Task instructions: The lines from the start of the records through the one containing "define r where" are to be restated word for word; please include both ends.

Data for this task:
○ ○ ○ ○

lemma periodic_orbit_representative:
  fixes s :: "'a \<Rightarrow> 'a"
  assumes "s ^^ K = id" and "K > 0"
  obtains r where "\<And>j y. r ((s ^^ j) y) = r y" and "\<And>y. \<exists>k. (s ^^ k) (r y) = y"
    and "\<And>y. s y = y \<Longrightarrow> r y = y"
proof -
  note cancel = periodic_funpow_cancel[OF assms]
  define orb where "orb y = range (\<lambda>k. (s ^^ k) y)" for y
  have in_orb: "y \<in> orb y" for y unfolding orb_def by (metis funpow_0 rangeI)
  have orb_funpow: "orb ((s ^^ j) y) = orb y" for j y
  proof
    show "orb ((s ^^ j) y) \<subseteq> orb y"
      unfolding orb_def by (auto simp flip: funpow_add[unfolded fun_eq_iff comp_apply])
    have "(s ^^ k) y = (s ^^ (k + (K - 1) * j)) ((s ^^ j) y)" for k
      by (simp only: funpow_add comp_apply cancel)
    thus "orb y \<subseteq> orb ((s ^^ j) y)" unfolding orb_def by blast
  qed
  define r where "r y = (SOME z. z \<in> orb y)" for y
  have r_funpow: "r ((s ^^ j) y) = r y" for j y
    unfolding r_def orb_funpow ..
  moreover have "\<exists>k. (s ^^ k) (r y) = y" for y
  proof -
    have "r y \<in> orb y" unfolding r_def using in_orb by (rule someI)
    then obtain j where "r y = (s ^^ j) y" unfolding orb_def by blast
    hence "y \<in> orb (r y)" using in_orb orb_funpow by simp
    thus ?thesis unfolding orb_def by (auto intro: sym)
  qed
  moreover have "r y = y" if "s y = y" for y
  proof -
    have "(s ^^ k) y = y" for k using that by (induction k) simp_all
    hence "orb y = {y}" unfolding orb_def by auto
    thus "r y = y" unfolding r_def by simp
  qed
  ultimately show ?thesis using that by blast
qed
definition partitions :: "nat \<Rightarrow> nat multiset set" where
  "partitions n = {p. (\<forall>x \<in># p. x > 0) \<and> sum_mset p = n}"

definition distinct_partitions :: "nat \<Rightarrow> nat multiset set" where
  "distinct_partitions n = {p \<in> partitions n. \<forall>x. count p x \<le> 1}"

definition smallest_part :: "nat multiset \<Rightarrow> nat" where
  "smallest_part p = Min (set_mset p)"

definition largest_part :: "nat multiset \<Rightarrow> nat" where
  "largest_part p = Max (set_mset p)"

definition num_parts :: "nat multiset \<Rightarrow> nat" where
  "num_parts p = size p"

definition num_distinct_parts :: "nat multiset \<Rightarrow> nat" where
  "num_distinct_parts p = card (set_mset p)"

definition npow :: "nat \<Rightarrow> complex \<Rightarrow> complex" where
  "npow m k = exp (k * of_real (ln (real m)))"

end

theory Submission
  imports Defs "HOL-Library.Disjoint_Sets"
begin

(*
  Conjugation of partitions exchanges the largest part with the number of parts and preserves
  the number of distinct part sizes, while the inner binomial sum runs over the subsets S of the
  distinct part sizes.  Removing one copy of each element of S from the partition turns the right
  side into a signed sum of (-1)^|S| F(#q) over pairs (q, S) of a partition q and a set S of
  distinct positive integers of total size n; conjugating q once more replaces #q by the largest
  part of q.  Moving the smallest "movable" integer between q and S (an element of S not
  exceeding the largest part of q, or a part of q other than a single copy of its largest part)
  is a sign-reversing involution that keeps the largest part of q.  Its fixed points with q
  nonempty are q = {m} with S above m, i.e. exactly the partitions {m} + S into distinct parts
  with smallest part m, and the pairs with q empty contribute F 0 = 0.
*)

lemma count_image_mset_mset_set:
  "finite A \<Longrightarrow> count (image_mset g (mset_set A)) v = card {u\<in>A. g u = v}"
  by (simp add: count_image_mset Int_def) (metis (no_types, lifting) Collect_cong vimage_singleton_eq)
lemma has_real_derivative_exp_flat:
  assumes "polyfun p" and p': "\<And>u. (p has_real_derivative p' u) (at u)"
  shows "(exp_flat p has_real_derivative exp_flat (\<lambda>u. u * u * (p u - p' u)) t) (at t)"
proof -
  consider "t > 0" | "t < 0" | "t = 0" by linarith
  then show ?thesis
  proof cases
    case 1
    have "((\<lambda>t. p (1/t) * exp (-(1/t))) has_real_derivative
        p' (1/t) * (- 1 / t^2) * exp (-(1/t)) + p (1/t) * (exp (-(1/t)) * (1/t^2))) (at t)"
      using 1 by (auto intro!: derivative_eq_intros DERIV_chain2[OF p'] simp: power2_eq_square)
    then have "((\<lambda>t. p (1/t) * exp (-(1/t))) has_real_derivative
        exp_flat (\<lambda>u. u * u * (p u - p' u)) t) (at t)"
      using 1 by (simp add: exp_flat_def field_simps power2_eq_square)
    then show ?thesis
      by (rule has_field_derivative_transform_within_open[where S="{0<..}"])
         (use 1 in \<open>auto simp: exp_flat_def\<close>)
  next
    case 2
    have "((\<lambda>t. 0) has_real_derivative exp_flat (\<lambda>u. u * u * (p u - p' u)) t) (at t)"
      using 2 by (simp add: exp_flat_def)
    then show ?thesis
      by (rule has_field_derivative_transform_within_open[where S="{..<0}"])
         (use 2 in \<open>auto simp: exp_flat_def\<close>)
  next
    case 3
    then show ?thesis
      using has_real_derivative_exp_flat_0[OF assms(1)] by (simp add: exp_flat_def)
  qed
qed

○ ○ ○ ○

Result:
lemma periodic_orbit_representative:
  fixes s :: "'a \<Rightarrow> 'a"
  assumes "s ^^ K = id" and "K > 0"
  obtains r where "\<And>j y. r ((s ^^ j) y) = r y" and "\<And>y. \<exists>k. (s ^^ k) (r y) = y"
    and "\<And>y. s y = y \<Longrightarrow> r y = y"
proof -
  note cancel = periodic_funpow_cancel[OF assms]
  define orb where "orb y = range (\<lambda>k. (s ^^ k) y)" for y
  have in_orb: "y \<in> orb y" for y unfolding orb_def by (metis funpow_0 rangeI)
  have orb_funpow: "orb ((s ^^ j) y) = orb y" for j y
  proof
    show "orb ((s ^^ j) y) \<subseteq> orb y"
      unfolding orb_def by (auto simp flip: funpow_add[unfolded fun_eq_iff comp_apply])
    have "(s ^^ k) y = (s ^^ (k + (K - 1) * j)) ((s ^^ j) y)" for k
      by (simp only: funpow_add comp_apply cancel)
    thus "orb y \<subseteq> orb ((s ^^ j) y)" unfolding orb_def by blast
  qed
  define r where "r y = (SOME z. z \<in> orb y)" for y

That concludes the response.